> What the exercise asks:
Reproduce exactly the lines of the material beneath, from the line that contains "then show ?thesis by simp" to the line that contains "(set L) = sort", both included, and no other lines.

> Listed entries:
lemma s_s_mon_insort:
  assumes "sorted M" "set M \<subseteq> {1..p}" "a \<in> {1..p}" "a \<notin> set M" "f \<in> F 0"
  shows "s a (length M) (s_mon s M f) \<in> {s_mon s (insort a M) f, - s_mon s (insort a M) f}"
  using assms
proof (induction M)
  case (Cons b M)
  let ?y = "s_mon s M f" and ?n = "length M"
  have a: "a \<in> {1..p}" and b: "b \<in> {1..p}" and y: "?y \<in> F ?n"
    using Cons.prems s_mon_mem[of M f] by auto
  consider "a < b" | "b < a"
    using Cons.prems(4) by fastforce
  then show ?case
  proof cases
    case 1
    then show ?thesis by simp
  next
    case 2
    have ins: "s_mon s (insort a M) f \<in> F (Suc ?n)"
      using s_mon_mem[of "insort a M" f] Cons.prems by (simp add: set_insort_key)
    have "s a (Suc ?n) (s b ?n ?y) = - s b (Suc ?n) (s a ?n ?y)"
      using s_s_anticomm[OF y a b] .
    moreover have "s a ?n ?y \<in> {s_mon s (insort a M) f, - s_mon s (insort a M) f}"
      using Cons by simp
    ultimately show ?thesis
      using 2 s_minus[OF b ins] by auto
  qed
qed simp

lemma s_mon_sort:
  assumes "distinct L" "set L \<subseteq> {1..p}" "f \<in> F 0"
  shows "s_mon s L f \<in> {s_mon s (sort L) f, - s_mon s (sort L) f}"
  using assms
proof (induction L)
  case (Cons a L)
  let ?Y = "s_mon s (sort L) f"
  have a: "a \<in> {1..p}" and Y: "?Y \<in> F (length L)"
    using Cons.prems s_mon_mem[of "sort L" f] by auto
  have "s a (length L) ?Y \<in> {s_mon s (sort (a # L)) f, - s_mon s (sort (a # L)) f}"
    using s_s_mon_insort[of "sort L" a f] Cons.prems by simp
  moreover have "s_mon s L f \<in> {?Y, - ?Y}"
    using Cons by simp
  ultimately show ?case
    using s_minus[OF a Y] by auto
qed simp

lemma s_mon_mult_image:
  assumes L: "set L \<subseteq> {1..p}" and f: "f \<in> F 0"
  shows "s_mon s L f \<in> mult_image (length L)"
proof (cases "distinct L")
  case False
  then show ?thesis using s_mon_eq_0_if_not_distinct[OF L _ f] zero_mult_image by simp
next
  case True
  have T: "set L \<in> subsets (length L)"
    using L True by (simp add: distinct_card)
  have sorted_L: "sorted_list_of_set (set L) = sort L"
    using True by (simp add: sorted_list_of_set_sort_remdups distinct_remdups_id)
  have "\<exists>v\<in>{f, - f}. s_mon s L f = s_mon s (sort L) v"
    using s_mon_sort[OF True L f] s_mon_minus[of "sort L" f] L f by auto
  then obtain v where v: "v \<in> F 0" "s_mon s L f = s_mon s (sort L) v"
    using f F_minus by blast
  then have "s_mon s L f = mult_map p s (length L) (\<lambda>S. if S = set L then v else 0)"
    using mult_map_single[OF T] sorted_L by simp
  then show ?thesis
    using EF0_single[OF T v(1)] by blast
qed

lemma s_mult_image:
  assumes j: "j \<in> {1..p}" and y: "y \<in> mult_image n"
  shows "s j n y \<in> mult_image (Suc n)"
proof -
  obtain g where g: "g \<in> EF0 p F n" "y = mult_map p s n g"
    using y by blast
  have "s j n y = (\<Sum>S\<in>subsets n. s j n (s_mon s (sorted_list_of_set S) (g S)))"
    unfolding g(2) mult_map_def
    by (rule s_sum[OF j]) (rule s_mon_subset_mem, assumption, rule EF0_mem[OF g(1)])
  also have "\<dots> \<in> mult_image (Suc n)"
  proof (rule sum_mult_image)
    fix S assume S: "S \<in> subsets n"
    have "s_mon s (j # sorted_list_of_set S) (g S) \<in> mult_image (Suc n)"
      using s_mon_mult_image[of "j # sorted_list_of_set S" "g S"] sorted_list_of_subset[OF S]
        j S EF0_mem[OF g(1)] by auto
    then show "s j n (s_mon s (sorted_list_of_set S) (g S)) \<in> mult_image (Suc n)"
      using sorted_list_of_subset(2)[OF S] by simp
  qed
  finally show ?thesis .
qed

> Result of the task:
    then show ?thesis by simp
  next
    case 2
    have ins: "s_mon s (insort a M) f \<in> F (Suc ?n)"
      using s_mon_mem[of "insort a M" f] Cons.prems by (simp add: set_insort_key)
    have "s a (Suc ?n) (s b ?n ?y) = - s b (Suc ?n) (s a ?n ?y)"
      using s_s_anticomm[OF y a b] .
    moreover have "s a ?n ?y \<in> {s_mon s (insort a M) f, - s_mon s (insort a M) f}"
      using Cons by simp
    ultimately show ?thesis
      using 2 s_minus[OF b ins] by auto
  qed
qed simp

lemma s_mon_sort:
  assumes "distinct L" "set L \<subseteq> {1..p}" "f \<in> F 0"
  shows "s_mon s L f \<in> {s_mon s (sort L) f, - s_mon s (sort L) f}"
  using assms
proof (induction L)
  case (Cons a L)
  let ?Y = "s_mon s (sort L) f"
  have a: "a \<in> {1..p}" and Y: "?Y \<in> F (length L)"
    using Cons.prems s_mon_mem[of "sort L" f] by auto
  have "s a (length L) ?Y \<in> {s_mon s (sort (a # L)) f, - s_mon s (sort (a # L)) f}"
    using s_s_mon_insort[of "sort L" a f] Cons.prems by simp
  moreover have "s_mon s L f \<in> {?Y, - ?Y}"
    using Cons by simp
  ultimately show ?case
    using s_minus[OF a Y] by auto
qed simp

lemma s_mon_mult_image:
  assumes L: "set L \<subseteq> {1..p}" and f: "f \<in> F 0"
  shows "s_mon s L f \<in> mult_image (length L)"
proof (cases "distinct L")
  case False
  then show ?thesis using s_mon_eq_0_if_not_distinct[OF L _ f] zero_mult_image by simp
next
  case True
  have T: "set L \<in> subsets (length L)"
    using L True by (simp add: distinct_card)
  have sorted_L: "sorted_list_of_set (set L) = sort L"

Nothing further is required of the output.